[Stored items]
=== Begin Enclosure ===

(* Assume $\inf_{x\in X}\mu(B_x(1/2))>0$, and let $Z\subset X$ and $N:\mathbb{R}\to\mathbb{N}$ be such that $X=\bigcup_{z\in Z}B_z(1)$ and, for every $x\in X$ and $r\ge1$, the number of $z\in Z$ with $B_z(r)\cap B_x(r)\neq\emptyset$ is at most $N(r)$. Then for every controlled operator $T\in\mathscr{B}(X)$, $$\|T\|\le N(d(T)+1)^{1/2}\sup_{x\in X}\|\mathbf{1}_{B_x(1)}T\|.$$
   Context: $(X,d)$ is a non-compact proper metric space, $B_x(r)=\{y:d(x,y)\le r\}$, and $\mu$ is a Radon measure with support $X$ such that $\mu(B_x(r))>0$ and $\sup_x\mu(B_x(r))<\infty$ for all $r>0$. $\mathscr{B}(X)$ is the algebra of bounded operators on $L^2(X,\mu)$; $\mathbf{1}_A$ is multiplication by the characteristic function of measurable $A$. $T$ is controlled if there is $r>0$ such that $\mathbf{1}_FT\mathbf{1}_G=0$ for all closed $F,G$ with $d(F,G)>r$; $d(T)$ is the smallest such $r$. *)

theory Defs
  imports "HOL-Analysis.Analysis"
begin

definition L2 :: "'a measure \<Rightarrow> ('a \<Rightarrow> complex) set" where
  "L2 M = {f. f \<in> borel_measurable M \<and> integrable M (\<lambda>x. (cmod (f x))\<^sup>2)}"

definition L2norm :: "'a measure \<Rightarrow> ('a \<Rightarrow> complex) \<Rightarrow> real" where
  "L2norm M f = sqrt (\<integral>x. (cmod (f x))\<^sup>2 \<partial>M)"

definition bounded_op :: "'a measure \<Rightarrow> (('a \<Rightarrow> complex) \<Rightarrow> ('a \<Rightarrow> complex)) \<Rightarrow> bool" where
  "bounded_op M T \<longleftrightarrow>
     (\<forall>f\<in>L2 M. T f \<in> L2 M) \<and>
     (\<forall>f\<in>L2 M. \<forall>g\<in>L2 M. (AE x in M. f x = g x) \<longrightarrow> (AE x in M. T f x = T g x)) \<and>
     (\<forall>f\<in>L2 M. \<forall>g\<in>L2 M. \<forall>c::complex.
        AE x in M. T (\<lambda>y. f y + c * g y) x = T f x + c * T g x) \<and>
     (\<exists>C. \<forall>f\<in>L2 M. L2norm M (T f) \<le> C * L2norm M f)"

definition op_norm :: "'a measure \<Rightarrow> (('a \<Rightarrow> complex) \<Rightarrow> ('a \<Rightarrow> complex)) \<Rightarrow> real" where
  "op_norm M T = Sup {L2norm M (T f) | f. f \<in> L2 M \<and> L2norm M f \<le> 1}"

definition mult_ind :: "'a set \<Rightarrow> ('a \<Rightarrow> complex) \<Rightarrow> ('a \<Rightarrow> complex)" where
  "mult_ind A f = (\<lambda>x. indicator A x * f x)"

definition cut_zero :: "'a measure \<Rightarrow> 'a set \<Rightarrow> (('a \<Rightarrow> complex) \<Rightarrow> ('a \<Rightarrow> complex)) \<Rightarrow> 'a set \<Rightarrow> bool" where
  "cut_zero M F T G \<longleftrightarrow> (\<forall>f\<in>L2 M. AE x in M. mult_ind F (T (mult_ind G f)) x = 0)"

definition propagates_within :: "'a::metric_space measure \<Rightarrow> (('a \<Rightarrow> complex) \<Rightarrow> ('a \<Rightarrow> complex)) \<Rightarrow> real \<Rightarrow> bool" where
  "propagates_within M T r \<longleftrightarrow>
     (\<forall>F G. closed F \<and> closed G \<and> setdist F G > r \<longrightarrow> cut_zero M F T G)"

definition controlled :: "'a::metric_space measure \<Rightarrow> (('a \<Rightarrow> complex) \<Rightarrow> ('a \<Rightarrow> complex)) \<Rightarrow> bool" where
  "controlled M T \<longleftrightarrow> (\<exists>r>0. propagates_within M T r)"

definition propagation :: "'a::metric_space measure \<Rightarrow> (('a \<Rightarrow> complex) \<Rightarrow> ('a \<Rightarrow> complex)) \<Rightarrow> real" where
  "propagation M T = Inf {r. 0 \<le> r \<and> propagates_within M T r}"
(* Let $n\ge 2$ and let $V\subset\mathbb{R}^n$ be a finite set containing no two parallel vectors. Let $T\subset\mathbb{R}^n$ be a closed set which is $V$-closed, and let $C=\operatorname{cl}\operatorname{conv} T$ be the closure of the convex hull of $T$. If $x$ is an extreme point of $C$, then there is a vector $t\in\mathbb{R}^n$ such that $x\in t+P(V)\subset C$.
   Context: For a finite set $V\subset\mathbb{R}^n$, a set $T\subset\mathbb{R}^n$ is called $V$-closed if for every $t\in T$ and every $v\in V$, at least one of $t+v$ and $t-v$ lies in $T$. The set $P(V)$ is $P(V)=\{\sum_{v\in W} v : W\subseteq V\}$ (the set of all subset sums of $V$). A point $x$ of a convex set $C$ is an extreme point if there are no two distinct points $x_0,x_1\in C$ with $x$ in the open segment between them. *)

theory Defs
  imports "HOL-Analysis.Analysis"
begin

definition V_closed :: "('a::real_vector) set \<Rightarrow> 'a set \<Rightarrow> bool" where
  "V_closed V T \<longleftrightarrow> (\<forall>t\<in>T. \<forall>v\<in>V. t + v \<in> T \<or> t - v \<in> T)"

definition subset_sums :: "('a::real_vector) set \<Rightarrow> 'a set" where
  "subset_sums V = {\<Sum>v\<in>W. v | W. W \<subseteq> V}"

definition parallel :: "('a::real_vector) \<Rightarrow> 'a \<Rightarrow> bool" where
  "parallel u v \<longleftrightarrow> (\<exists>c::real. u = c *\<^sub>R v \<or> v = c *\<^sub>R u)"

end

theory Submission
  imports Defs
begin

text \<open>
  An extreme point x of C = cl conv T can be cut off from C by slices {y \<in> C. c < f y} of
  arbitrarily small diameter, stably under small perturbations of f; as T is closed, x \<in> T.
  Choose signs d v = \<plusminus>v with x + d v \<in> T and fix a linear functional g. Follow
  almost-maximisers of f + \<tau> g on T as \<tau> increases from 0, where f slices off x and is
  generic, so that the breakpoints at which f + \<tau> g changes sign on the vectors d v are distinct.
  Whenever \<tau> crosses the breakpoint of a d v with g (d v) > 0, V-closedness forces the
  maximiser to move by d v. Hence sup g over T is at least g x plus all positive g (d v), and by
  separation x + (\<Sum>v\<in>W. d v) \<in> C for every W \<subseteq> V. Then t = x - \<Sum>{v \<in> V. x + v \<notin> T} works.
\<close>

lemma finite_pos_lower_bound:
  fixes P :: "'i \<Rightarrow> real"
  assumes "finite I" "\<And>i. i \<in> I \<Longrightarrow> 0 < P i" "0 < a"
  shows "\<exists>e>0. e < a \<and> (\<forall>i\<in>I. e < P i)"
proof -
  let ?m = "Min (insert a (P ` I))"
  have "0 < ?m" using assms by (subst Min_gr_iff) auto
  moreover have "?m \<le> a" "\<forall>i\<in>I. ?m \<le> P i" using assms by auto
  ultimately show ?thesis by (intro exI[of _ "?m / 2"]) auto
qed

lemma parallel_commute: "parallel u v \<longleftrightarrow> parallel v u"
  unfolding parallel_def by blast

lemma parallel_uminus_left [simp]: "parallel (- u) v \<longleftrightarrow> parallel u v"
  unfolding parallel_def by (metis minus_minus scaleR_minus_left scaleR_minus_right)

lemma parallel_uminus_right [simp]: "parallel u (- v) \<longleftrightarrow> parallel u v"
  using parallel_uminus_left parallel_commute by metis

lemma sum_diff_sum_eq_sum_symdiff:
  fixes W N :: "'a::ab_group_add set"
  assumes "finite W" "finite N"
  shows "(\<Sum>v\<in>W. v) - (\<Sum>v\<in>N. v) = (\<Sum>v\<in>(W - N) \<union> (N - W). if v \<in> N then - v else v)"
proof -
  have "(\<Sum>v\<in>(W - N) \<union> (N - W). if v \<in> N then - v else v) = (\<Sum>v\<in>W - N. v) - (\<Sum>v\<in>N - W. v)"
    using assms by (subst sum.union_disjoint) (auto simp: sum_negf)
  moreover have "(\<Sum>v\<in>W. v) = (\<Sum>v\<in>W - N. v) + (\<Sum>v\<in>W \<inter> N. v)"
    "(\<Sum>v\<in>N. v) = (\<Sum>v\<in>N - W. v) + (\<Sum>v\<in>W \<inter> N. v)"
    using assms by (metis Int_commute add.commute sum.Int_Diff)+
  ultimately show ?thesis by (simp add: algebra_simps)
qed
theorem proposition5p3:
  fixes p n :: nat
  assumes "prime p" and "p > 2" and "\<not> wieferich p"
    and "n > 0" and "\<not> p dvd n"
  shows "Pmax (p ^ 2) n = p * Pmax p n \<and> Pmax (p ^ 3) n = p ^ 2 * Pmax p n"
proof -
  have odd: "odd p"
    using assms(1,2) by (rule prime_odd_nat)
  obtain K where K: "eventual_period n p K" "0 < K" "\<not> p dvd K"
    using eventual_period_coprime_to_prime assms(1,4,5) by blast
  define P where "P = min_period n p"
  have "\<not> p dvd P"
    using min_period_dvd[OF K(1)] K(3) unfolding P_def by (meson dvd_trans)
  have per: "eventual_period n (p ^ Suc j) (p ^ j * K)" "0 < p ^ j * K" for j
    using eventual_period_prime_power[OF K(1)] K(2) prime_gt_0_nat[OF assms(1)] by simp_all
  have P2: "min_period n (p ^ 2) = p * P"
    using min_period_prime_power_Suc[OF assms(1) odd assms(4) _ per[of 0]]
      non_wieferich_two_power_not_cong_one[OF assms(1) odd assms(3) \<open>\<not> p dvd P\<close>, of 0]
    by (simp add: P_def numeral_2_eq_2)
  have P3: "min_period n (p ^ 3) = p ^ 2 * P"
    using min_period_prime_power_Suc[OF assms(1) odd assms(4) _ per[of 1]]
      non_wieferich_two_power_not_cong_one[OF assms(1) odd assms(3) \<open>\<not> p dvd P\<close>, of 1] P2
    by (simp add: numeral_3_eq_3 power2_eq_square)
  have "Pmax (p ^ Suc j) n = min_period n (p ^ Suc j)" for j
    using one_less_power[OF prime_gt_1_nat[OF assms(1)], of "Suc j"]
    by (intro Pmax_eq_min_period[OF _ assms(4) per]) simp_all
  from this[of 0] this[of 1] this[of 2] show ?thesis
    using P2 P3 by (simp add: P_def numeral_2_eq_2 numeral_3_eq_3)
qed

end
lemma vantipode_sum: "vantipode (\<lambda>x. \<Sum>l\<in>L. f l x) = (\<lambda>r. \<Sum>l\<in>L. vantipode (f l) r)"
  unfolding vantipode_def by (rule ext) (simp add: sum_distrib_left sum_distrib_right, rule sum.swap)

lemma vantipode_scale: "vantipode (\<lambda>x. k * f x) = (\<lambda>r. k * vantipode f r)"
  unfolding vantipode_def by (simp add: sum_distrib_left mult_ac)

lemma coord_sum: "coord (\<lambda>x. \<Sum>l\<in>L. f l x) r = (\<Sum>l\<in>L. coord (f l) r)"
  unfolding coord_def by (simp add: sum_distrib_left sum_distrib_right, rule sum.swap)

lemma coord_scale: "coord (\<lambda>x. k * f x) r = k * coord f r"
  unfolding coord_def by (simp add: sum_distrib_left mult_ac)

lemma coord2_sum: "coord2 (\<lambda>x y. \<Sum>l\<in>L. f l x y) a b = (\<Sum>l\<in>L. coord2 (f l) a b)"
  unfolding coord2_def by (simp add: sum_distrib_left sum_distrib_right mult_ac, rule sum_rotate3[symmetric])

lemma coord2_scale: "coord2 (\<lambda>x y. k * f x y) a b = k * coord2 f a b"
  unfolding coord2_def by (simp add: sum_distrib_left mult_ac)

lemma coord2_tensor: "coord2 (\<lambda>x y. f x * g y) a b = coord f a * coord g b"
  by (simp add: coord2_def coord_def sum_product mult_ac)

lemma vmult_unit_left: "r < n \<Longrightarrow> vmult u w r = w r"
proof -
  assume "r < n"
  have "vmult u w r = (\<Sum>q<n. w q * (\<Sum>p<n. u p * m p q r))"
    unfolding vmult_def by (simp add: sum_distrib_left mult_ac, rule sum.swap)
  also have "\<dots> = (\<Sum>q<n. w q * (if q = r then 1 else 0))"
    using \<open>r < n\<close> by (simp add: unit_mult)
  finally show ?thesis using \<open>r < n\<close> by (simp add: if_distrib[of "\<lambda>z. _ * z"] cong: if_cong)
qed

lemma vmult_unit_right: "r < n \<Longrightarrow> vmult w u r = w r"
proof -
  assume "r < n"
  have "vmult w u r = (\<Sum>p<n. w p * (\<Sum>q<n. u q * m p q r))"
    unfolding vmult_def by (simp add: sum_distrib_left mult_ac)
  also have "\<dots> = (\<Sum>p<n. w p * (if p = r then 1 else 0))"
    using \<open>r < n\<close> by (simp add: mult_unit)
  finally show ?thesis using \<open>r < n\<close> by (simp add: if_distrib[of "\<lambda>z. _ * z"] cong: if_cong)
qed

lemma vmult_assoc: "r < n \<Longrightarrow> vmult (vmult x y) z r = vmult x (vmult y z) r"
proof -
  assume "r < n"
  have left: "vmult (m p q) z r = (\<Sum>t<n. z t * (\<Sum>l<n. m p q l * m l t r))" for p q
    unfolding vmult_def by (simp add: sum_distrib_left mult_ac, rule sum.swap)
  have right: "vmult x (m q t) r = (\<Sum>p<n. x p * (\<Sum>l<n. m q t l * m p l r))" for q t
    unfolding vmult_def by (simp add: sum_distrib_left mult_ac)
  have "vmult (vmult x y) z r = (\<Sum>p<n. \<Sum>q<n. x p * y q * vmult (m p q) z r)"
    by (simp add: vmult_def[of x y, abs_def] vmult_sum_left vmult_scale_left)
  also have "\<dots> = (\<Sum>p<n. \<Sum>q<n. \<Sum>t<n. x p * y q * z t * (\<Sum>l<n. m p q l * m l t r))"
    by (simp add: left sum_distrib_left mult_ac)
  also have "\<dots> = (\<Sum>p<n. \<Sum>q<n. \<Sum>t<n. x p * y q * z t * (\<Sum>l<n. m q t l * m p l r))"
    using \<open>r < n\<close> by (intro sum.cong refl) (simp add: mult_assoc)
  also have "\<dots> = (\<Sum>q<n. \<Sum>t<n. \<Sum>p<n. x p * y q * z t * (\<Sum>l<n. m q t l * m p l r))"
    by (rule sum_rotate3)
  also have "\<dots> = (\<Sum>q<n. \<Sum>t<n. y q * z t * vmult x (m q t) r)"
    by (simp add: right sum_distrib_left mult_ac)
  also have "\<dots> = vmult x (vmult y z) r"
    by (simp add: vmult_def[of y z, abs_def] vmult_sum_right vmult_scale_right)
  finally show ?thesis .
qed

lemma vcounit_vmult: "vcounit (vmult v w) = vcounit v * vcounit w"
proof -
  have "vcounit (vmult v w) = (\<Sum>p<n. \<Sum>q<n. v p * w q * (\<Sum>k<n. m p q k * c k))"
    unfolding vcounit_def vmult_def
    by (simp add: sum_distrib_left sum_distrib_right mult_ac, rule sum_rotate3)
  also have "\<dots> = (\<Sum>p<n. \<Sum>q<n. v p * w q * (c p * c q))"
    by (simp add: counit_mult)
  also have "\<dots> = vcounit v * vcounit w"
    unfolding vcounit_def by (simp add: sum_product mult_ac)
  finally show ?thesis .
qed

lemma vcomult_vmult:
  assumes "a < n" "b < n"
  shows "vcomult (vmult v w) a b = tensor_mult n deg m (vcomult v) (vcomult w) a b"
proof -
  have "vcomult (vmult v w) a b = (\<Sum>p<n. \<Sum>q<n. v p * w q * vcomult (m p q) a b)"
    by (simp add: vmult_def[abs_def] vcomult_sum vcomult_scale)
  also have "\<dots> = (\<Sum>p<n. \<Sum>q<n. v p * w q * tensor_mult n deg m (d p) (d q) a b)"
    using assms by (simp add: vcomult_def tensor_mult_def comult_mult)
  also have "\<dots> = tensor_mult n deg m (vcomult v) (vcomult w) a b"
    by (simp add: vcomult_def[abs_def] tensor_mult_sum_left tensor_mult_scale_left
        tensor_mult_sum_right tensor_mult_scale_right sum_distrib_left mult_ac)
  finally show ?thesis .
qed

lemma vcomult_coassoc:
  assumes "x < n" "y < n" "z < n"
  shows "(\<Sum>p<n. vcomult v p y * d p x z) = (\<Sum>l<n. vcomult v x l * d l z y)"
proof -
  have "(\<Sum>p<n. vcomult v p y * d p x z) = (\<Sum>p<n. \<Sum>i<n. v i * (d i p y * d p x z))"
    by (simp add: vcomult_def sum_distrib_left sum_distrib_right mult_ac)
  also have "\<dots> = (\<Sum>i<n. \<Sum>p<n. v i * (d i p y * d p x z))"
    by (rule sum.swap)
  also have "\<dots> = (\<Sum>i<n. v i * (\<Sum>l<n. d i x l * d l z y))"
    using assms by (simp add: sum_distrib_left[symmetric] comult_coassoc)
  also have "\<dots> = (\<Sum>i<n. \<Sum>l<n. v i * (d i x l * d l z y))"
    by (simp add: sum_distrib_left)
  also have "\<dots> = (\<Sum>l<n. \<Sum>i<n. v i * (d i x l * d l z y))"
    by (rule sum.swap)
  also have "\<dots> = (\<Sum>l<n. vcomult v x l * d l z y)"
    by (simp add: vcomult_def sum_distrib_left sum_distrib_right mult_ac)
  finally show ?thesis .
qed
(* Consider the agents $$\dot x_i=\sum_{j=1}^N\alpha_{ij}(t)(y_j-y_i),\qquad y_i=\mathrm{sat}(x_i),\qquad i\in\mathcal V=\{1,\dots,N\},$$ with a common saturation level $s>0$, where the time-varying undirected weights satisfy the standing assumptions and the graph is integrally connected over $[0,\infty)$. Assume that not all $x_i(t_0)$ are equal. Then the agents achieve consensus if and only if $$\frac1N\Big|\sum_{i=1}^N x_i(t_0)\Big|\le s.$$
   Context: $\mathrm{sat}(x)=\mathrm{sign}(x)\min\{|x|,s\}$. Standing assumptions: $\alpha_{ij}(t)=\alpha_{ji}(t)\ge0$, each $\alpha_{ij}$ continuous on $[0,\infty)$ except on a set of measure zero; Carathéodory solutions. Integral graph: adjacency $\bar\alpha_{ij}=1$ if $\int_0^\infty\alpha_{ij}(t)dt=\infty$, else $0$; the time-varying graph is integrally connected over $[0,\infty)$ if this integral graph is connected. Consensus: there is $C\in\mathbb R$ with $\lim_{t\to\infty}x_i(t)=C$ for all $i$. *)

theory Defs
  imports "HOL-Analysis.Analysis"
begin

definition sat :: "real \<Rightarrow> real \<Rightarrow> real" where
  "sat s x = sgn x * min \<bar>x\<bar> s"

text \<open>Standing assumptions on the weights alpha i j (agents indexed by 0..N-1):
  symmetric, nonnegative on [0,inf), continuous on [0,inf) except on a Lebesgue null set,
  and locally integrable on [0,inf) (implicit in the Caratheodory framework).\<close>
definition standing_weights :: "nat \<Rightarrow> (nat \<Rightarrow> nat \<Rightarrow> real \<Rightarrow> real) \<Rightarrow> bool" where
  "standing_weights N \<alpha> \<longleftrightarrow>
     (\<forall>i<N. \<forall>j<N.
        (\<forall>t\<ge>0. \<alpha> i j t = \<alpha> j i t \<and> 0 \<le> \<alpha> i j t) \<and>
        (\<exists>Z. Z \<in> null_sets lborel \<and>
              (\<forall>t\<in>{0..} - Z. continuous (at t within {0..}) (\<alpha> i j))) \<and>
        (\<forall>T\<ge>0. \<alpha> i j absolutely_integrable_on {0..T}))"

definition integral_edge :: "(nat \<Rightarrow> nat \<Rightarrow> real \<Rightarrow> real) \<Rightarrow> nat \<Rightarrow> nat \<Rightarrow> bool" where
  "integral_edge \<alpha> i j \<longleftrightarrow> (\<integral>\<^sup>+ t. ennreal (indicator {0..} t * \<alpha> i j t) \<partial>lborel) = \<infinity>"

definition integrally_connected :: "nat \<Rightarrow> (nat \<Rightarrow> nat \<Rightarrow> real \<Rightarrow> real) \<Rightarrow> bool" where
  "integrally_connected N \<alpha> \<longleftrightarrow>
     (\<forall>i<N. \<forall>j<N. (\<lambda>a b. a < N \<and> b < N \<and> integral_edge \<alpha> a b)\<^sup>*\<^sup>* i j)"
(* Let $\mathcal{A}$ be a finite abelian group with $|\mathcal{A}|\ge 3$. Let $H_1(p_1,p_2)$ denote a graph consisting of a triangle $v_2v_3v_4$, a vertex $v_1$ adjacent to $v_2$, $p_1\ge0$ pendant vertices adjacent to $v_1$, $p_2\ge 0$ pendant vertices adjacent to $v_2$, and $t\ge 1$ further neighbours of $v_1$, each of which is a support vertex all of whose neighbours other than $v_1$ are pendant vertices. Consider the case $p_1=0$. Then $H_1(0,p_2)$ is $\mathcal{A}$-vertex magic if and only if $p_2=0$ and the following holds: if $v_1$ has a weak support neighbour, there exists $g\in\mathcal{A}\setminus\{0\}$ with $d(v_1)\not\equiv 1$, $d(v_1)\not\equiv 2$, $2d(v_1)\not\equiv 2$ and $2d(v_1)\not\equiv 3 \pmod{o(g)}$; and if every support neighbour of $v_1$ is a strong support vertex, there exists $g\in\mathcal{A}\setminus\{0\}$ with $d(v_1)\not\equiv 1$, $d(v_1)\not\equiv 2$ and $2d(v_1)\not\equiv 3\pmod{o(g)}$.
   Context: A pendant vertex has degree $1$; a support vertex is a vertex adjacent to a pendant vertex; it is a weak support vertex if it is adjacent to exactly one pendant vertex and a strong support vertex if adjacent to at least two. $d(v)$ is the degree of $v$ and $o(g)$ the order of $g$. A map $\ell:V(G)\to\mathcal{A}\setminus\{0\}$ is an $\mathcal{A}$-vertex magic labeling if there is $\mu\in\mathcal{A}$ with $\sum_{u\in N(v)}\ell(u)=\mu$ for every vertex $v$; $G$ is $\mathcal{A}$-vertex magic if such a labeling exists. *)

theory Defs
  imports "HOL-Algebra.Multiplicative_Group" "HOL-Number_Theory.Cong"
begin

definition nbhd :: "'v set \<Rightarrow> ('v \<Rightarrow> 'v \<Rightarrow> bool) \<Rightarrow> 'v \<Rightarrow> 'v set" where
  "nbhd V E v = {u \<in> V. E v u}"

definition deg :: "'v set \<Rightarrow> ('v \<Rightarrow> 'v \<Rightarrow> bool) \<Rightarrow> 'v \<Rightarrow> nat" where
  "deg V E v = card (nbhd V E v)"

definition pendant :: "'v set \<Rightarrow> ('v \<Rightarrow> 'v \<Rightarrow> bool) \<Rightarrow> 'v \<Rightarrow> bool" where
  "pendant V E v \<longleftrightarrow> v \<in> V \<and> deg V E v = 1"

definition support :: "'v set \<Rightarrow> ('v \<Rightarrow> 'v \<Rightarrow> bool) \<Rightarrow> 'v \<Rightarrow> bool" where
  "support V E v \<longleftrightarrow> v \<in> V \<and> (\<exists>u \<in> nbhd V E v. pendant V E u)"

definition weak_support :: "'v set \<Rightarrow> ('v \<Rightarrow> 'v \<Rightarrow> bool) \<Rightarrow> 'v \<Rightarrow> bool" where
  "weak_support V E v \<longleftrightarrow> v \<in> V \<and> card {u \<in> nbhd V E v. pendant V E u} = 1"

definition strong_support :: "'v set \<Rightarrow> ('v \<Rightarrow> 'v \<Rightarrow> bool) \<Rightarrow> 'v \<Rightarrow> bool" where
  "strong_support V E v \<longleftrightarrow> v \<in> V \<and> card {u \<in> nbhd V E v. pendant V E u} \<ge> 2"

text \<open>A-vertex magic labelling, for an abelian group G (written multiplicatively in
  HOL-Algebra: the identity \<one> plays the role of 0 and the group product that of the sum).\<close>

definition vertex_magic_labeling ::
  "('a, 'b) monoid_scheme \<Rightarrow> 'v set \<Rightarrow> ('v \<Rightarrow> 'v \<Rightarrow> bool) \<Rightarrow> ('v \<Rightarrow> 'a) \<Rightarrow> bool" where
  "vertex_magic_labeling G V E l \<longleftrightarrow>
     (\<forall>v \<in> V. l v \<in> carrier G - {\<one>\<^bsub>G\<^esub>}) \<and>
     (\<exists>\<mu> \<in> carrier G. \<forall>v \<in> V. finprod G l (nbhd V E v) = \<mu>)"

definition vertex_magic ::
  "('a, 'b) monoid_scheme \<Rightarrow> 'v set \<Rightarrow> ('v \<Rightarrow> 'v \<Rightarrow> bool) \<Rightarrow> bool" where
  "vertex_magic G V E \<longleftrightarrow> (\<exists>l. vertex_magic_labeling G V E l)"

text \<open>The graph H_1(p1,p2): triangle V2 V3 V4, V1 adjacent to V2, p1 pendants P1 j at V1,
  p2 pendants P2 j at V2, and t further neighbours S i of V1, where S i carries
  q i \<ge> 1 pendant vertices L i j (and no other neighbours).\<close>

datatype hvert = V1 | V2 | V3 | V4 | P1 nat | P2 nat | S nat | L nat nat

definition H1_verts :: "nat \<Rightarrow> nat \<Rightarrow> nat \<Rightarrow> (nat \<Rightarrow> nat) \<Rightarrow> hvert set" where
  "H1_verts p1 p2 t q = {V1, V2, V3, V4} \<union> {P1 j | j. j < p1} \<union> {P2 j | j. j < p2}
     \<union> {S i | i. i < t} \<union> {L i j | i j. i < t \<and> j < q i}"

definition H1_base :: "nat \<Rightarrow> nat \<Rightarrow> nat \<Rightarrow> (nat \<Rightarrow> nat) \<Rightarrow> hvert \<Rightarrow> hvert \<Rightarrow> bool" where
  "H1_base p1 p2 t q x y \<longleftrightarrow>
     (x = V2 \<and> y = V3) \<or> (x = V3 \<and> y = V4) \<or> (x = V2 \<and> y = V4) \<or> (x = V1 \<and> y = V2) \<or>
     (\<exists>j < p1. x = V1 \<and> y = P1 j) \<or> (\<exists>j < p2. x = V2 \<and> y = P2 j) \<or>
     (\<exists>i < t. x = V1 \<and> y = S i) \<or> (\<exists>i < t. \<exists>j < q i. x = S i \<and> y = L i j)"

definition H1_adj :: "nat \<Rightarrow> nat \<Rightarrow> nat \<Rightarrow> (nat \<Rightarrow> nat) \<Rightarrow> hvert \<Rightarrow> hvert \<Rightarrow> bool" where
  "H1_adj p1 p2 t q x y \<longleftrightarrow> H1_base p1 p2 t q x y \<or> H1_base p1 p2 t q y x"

=== End Enclosure ===

# Task to complete
Go through the data and show each line that holds "indicator".

# Solution
  "mult_ind A f = (\<lambda>x. indicator A x * f x)"
  "integral_edge \<alpha> i j \<longleftrightarrow> (\<integral>\<^sup>+ t. ennreal (indicator {0..} t * \<alpha> i j t) \<partial>lborel) = \<infinity>"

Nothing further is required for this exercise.